Помилуй меня, грешницу... Мать, Пресвятая Богородица! Спаси меня,
окаянную...» — слезы между тем текут из ее старчески очей, с верой и
любовью обращенных к образу. Рядом со старушкой горячо и громко вздыхала
молодая женщина; тут же около] нее бедно одетый с умным лицом
крестьянин вслушивался в чтение псаломщика. С иконостаса и стен строго
смотрели лики святых угодников...
Одиноким почувствовал себя Аким Петров среди всех этих простых людей,
coбравшихся в храм помолиться Творцу. Жутко стало у него на сердце среди
благоговейной церковной тишины.
Вышел священник из алтаря и пред Царскими вратами звучным голосом
произнес молитву; «Господи и Владыко живота моего...». Все клали земные
поклоны... Но вот на клиросе стройно запели: «Во Царствии Твоем помяни
нас, Господи...».
Вдумался Аким Петров в смысл прекрасной молитвы и сладких евангельских
слов, тронули они его огрубелое сердце, в нем заговорило что-то новое,
небывалое... Напомнили они ему забытые им наставления 22
давно уже умершей матери — жить по-Божии, жалеть людей, молиться о
Царствии Небесном. Рядом с этими воспоминаниями в глубине его души
шевельнулась совесть. «Не достоин ты,— заговорила она,— Царствия Божия, а
удалила от него тебя твоя грешная, безобразная, скотская жизнь».
Пал на колени Аким Петров, и из его зачерствелой души вырвался первый,
после многих лет бессовестной жизни, покаянный вздох, первый молитвенный
вопль...
Солнце уже высоко стояло на небе и обильно лило свои ласковые лучи,
когда кончилась литургия Преждеосвященных даров и говельщики стали
расходиться. Шел домой и Аким Петров, но не так, как он обыкновенно
ходил по своему селу, гордо посматривая по сторонам, сознавая свое
превосходство и силу над односельчанами, но скромно потупя голову. Дома
он прошел в отдельную каморку, достал с полки запыленные, забытые
сказания о жизни святых и стал читать их. Читал не отрываясь до самого
благовеста к исповеди, и как только раздался первый удар колокола,
перекрестился и поспешно стал собираться в церковь. За ширмами уже ждал
священник кающихся; первым подошел к нему Аким Петров... Долго, искренно
беседовал он со своим пастырем и каялся пред ним своем беззаконии, как
никогда, ни разу своей жизни.
Ночью, когда в доме уже все спали Аким Петров, с усталой и разгоряченной
от непривычных дум головой, вышел на воздух. От церкви неслись
дребезжащие звуки сторожевого колокола; бесконечная синева небесного
свода опрокинулась над селом и его дремавшими окрестностями, с высоты
небесной ярко смотрели звездочки на заснувший грешный мир. Напротив I
трактира вросла в землю плохонькая избенка бедняка Власа, у которого на
днях Аким Петров взял за долг последнюю лошаденку, а на задах
прилепилась убогая хатка вдовы Акулины, вчера только умолявшей своего
соседа-богача, Акима Петрова, дать хоть немножко соломки про- I кормить
коровенку, последнюю кормилицу ее малых сирот.

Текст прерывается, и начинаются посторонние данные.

lemma indicator_phi_chains_above_eq_sum:
  assumes fin: "finite J" and ne: "J \<noteq> {}" and above: "\<And>i. i \<in> J \<Longrightarrow> t i \<le> \<phi> (t i)"
  shows "indicator (phi_chains_above \<phi> J b) t
    = (\<Sum>j\<in>J. indicator (phi_chains_starting_at \<phi> J b j) t :: ennreal)"
proof (cases "t \<in> phi_chains_above \<phi> J b")
  case True
  then obtain j0 where j0: "j0 \<in> J" "t \<in> phi_chains_starting_at \<phi> J b j0"
    by (rule phi_chains_above_has_start[OF fin ne])
  have "indicator (phi_chains_starting_at \<phi> J b j) t = (if j = j0 then 1 else 0 :: ennreal)"
    if j: "j \<in> J" for j
  proof (cases "j = j0")
    case False
    hence "t \<notin> phi_chains_starting_at \<phi> J b j"
      using phi_chains_starting_at_unique[OF j j0(1) above[OF j] above[OF j0(1)] _ j0(2)] by blast
    thus ?thesis using False by simp
  qed (simp add: j0(2))
  thus ?thesis using True j0(1) fin by simp
next
  case False
  hence "t \<notin> phi_chains_starting_at \<phi> J b j" if "j \<in> J" for j
    using phi_chains_starting_at_imp_above[of j J t \<phi>, OF that above[OF that]] by blast
  thus ?thesis using False by simp
qed

lemma nn_integral_unit_interval_above:
  fixes g :: "real \<Rightarrow> real"
  assumes cont: "continuous_on {0..1} g" and nonneg: "\<And>x. x \<in> {0..1} \<Longrightarrow> 0 \<le> g x"
  shows "(\<integral>\<^sup>+y. ennreal (g y) * indicator {b<..} y \<partial>restrict_space lborel {0..1})
    = ennreal (integral {max 0 b..1} g)"
proof -
  let ?a = "max 0 b"
  have "(\<integral>\<^sup>+y. ennreal (g y) * indicator {b<..} y \<partial>restrict_space lborel {0..1})
      = (\<integral>\<^sup>+y. ennreal (g y) * indicator {b<..} y * indicator {0..1} y \<partial>lborel)"
    by (rule nn_integral_restrict_space) simp
  also have "\<dots> = (\<integral>\<^sup>+y. ennreal (g y) * indicator {?a..1} y \<partial>lborel)"
    by (rule nn_integral_cong_AE)
      (use AE_lborel_singleton[of ?a] in \<open>eventually_elim, auto simp: indicator_def\<close>)
  also have "\<dots> = ennreal (integral {?a..1} g)"
  proof (rule nn_integral_has_integral_lebesgue')
    show "\<And>x. x \<in> {?a..1} \<Longrightarrow> 0 \<le> g x" using nonneg by simp
    have "g integrable_on {?a..1}"
      by (rule integrable_continuous_interval, rule continuous_on_subset[OF cont]) auto
    thus "(g has_integral integral {?a..1} g) {?a..1}" by (rule integrable_integral)
  qed
  finally show ?thesis .
qed

lemma nn_integral_phi_chains_starting_at_section:
  fixes \<phi> :: "real \<Rightarrow> real"
  assumes cont: "continuous_on {0..1} \<phi>" and fin: "finite J"
  shows "(\<integral>\<^sup>+x. indicator (phi_chains_starting_at \<phi> J b j) (x(j := y)) \<partial>unit_cube (J - {j}))
    = indicator {b<..} y
      * (\<integral>\<^sup>+x. indicator (phi_chains_above \<phi> (J - {j}) (\<phi> y)) x \<partial>unit_cube (J - {j}))"
proof -
  let ?C = "phi_chains_above \<phi> (J - {j}) (\<phi> y)"
  have "x(j := y) \<in> phi_chains_starting_at \<phi> J b j \<longleftrightarrow> b < y \<and> x \<in> ?C" for x
    using phi_chains_above_fun_upd[of j "J - {j}"] by (simp add: phi_chains_starting_at_def)
  hence "indicator (phi_chains_starting_at \<phi> J b j) (x(j := y))
      = (indicator {b<..} y * indicator ?C x :: ennreal)" for x
    by (simp add: indicator_def)
  moreover have "(indicator ?C :: _ \<Rightarrow> ennreal) \<in> borel_measurable (unit_cube (J - {j}))"
    using fin by (intro borel_measurable_indicator_of_pred pred_phi_chains_above[OF cont]) auto
  ultimately show ?thesis using nn_integral_cmult by simp
qed

text \<open>Fubini in the coordinate of the least point \<open>y = t j\<close>: the remaining points form a
  \<open>\<phi>\<close>-chain above \<open>\<phi> y\<close>.\<close>
lemma nn_integral_phi_chains_starting_at:
  fixes \<phi> :: "real \<Rightarrow> real"
  assumes cont: "continuous_on {0..1} \<phi>" and im: "\<phi> ` {0..1} \<subseteq> {0..1}"
    and fin: "finite J" and j: "j \<in> J"
    and rest: "\<And>c. (\<integral>\<^sup>+x. indicator (phi_chains_above \<phi> (J - {j}) c) x \<partial>unit_cube (J - {j}))
      = ennreal (fact m * tail_integral \<phi> m c)"
  shows "(\<integral>\<^sup>+t. indicator (phi_chains_starting_at \<phi> J b j) t \<partial>unit_cube J)
    = ennreal (fact m * tail_integral \<phi> (Suc m) b)"
proof -
  let ?U = "restrict_space lborel {0..1::real}"
  let ?S = "phi_chains_starting_at \<phi> J b j"
  interpret product_sigma_finite "\<lambda>_. ?U"
    by (simp add: product_sigma_finite_def prob_space_imp_sigma_finite[OF prob_space_unit_interval])
  have fin': "finite (J - {j})" "j \<notin> J - {j}" using fin by auto
  have meas: "(indicator ?S :: _ \<Rightarrow> ennreal) \<in> borel_measurable (unit_cube J)"
    by (rule borel_measurable_indicator_of_pred[OF pred_phi_chains_starting_at[OF cont fin j]])
  have "(\<integral>\<^sup>+t. indicator ?S t \<partial>unit_cube (insert j (J - {j})))
      = (\<integral>\<^sup>+y. (\<integral>\<^sup>+x. indicator ?S (x(j := y)) \<partial>unit_cube (J - {j})) \<partial>?U)"
    by (rule product_nn_integral_insert_rev[OF fin']) (simp add: insert_absorb[OF j] meas)
  hence "(\<integral>\<^sup>+t. indicator ?S t \<partial>unit_cube J)
      = (\<integral>\<^sup>+y. (\<integral>\<^sup>+x. indicator ?S (x(j := y)) \<partial>unit_cube (J - {j})) \<partial>?U)"
    by (simp only: insert_Diff[OF j])
  also have "\<dots> = (\<integral>\<^sup>+y. ennreal (fact m * iter_inner \<phi> m y) * indicator {b<..} y \<partial>?U)"
  proof (rule nn_integral_cong)
    fix y assume "y \<in> space ?U"
    hence "\<phi> y \<in> {0..1}" using im by (auto simp: image_subset_iff)
    thus "(\<integral>\<^sup>+x. indicator ?S (x(j := y)) \<partial>unit_cube (J - {j}))
        = ennreal (fact m * iter_inner \<phi> m y) * indicator {b<..} y"
      using nn_integral_phi_chains_starting_at_section[OF cont fin] rest tail_integral_phi[of \<phi> y]
      by (simp add: mult.commute)
  qed
  also have "\<dots> = ennreal (integral {max 0 b..1} (\<lambda>y. fact m * iter_inner \<phi> m y))"
    using continuous_on_iter_inner[OF cont im] iter_inner_nonneg[OF cont im]
    by (intro nn_integral_unit_interval_above continuous_intros) auto
  also have "\<dots> = ennreal (fact m * tail_integral \<phi> (Suc m) b)"
    by (simp add: tail_integral_def)
  finally show ?thesis .
qed

text \<open>Every \<open>\<phi>\<close>-chain has a unique least point, and each choice of it contributes the same
  volume; this accounts for the factor \<open>card J\<close> in each step.\<close>
lemma nn_integral_phi_chains_above:
  fixes \<phi> :: "real \<Rightarrow> real"
  assumes cont: "continuous_on {0..1} \<phi>" and im: "\<phi> ` {0..1} \<subseteq> {0..1}"
    and above: "\<And>x. x \<in> {0..1} \<Longrightarrow> x \<le> \<phi> x" and "finite J"
  shows "(\<integral>\<^sup>+t. indicator (phi_chains_above \<phi> J b) t \<partial>unit_cube J)
    = ennreal (fact (card J) * tail_integral \<phi> (card J) b)"
  using \<open>finite J\<close>
proof (induction "card J" arbitrary: J b)
  case 0
  hence "J = {}" by simp
  thus ?case by (simp add: phi_chains_above_def phi_chain_def PiM_empty tail_integral_def)
next
  case (Suc m)
  let ?S = "phi_chains_starting_at \<phi> J b"
  have fin: "finite J" and ne: "J \<noteq> {}" using Suc by auto
  have "(\<integral>\<^sup>+t. indicator (phi_chains_above \<phi> J b) t \<partial>unit_cube J)
      = (\<integral>\<^sup>+t. (\<Sum>j\<in>J. indicator (?S j) t) \<partial>unit_cube J)"
    using above unit_cube_coordinate
    by (intro nn_integral_cong indicator_phi_chains_above_eq_sum[OF fin ne]) blast
  also have "\<dots> = (\<Sum>j\<in>J. \<integral>\<^sup>+t. indicator (?S j) t \<partial>unit_cube J)"
    by (rule nn_integral_sum)
      (use borel_measurable_indicator_of_pred[OF pred_phi_chains_starting_at[OF cont fin]] in auto)
  also have "\<dots> = (\<Sum>j\<in>J. ennreal (fact m * tail_integral \<phi> (Suc m) b))"
  proof (rule sum.cong[OF refl])
    fix j assume j: "j \<in> J"
    hence "card (J - {j}) = m" using Suc.hyps(2) fin by simp
    thus "(\<integral>\<^sup>+t. indicator (?S j) t \<partial>unit_cube J)
        = ennreal (fact m * tail_integral \<phi> (Suc m) b)"
      using Suc.hyps(1)[of "J - {j}"] fin
      by (intro nn_integral_phi_chains_starting_at[OF cont im fin j]) auto
  qed
  also have "\<dots> = ennreal (fact (Suc m) * tail_integral \<phi> (Suc m) b)"
    using tail_integral_nonneg[OF cont im, of "Suc m" b] Suc.hyps(2)[symmetric]
    by (simp add: ennreal_of_nat_eq_real_of_nat ennreal_mult' mult.assoc)
  finally show ?case using Suc.hyps(2) by simp
qed

lemma fred_A_Vphi_kernel:
  fixes \<phi> :: "real \<Rightarrow> real"
  assumes mono: "mono_on {0..1} \<phi>" and cont: "continuous_on {0..1} \<phi>"
    and im: "\<phi> ` {0..1} \<subseteq> {0..1}" and above: "\<And>x. x \<in> {0..1} \<Longrightarrow> x \<le> \<phi> x"
  shows "fred_A (Vphi_kernel \<phi>) n = fact n * tail_integral \<phi> n (-1)"
proof -
  let ?C = "phi_chains_above \<phi> {..<n} (-1)"
  have det_eq: "det (mat n n (\<lambda>(i, j). Vphi_kernel \<phi> (t i) (t j))) = indicator ?C t"
    if "t \<in> space (unit_cube {..<n})" for t
  proof -
    have t: "\<And>i. i < n \<Longrightarrow> t i \<in> {0..1}" using unit_cube_coordinate[OF that] by simp
    hence "t \<in> ?C \<longleftrightarrow> phi_chain \<phi> {..<n} t" by (force simp: phi_chains_above_def)
    thus ?thesis
      using det_kernel_phi_chain[of n t \<phi>] det_kernel_not_phi_chain[OF mono t] above t
      by (auto simp: indicator_def)
  qed
  have "fred_A (Vphi_kernel \<phi>) n = (\<integral>t. indicator ?C t \<partial>unit_cube {..<n})"
    unfolding fred_A_def by (rule Bochner_Integration.integral_cong[OF refl det_eq])
  also have "\<dots> = enn2real (\<integral>\<^sup>+t. ennreal (indicator ?C t) \<partial>unit_cube {..<n})"
    by (rule integral_eq_nn_integral)
      (use borel_measurable_indicator_of_pred[OF pred_phi_chains_above[OF cont]] in auto)
  also have "\<dots> = fact n * tail_integral \<phi> n (-1)"
    using nn_integral_phi_chains_above[OF cont im above, of "{..<n}"]
      tail_integral_nonneg[OF cont im, of n "-1"] by (simp add: ennreal_indicator)
  finally show ?thesis .
qed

— Много вас здесь шляется таких! — крикнул тот в ответ на ее жалобные просьбы.
Чем дальше и дальше смотрел Аким Петров вдоль сельских слободок, тем
больше и больше вспоминал он, как одного мужика обсчитал, другого —
обмерил, того — споил, этого — прижал к нужде... Кругом тихо...
«Господи! — сказал сам себе Аким Петров.— Как я бессовестен,
нехорош! И стою ли я милости Твоей? Стою ли я того, чтобы Ты допустил
меня завтра приобщиться Святых Тайн?..»
Спустя немного времени послышался стук в окно Власовой избы.
— Кто тут? — крестясь, спросонок окликнул Влас.
— Это я, твой сосед-трактирщик... Выдь-ка на минутку.
Ветхие ворота заскрипели, и в них показался Влас. Увидя богача-соседа в
смиренном, небывалом виде, державшего за повод лошадь, он в удивлении
остановился.
Прости меня, сосед,— начал Аким ров,— за все мои обиды тебе, да вот
лошадку-то свою возьми назад, владей ею | на здоровье, а теперь пока
прощай, счастливо оставаться.
Изумленный Влас постоял-постоял, посмотрел вслед удалившемуся
трактирщику, с радостью ласково потрепал по шее своего I возвращенного
конягу и пошел во двор.
— Ох, Господи! Дела, дела,— говорил он, затворяя ворота. — Видно, на исповеди опомнился наш тиран-то... Вразумил его Христос, Царь Небесный.
А тиран между тем отправился ко вдове и ее тоже немало удивил своим
приходом в неурочный час.
— Вот что, тетка Акулина,— заговорил Аким Петров,— ты на меня не серчай
за вчерашнее-то, что покричал-то я на тебя... Корму-то ты возьми у меня,
сколько тебе требуется, а брань мою забудь... А вот тебе за обиду,
возьми, годится ребятишкам на баранки,— и сунул ей в руку рублевку...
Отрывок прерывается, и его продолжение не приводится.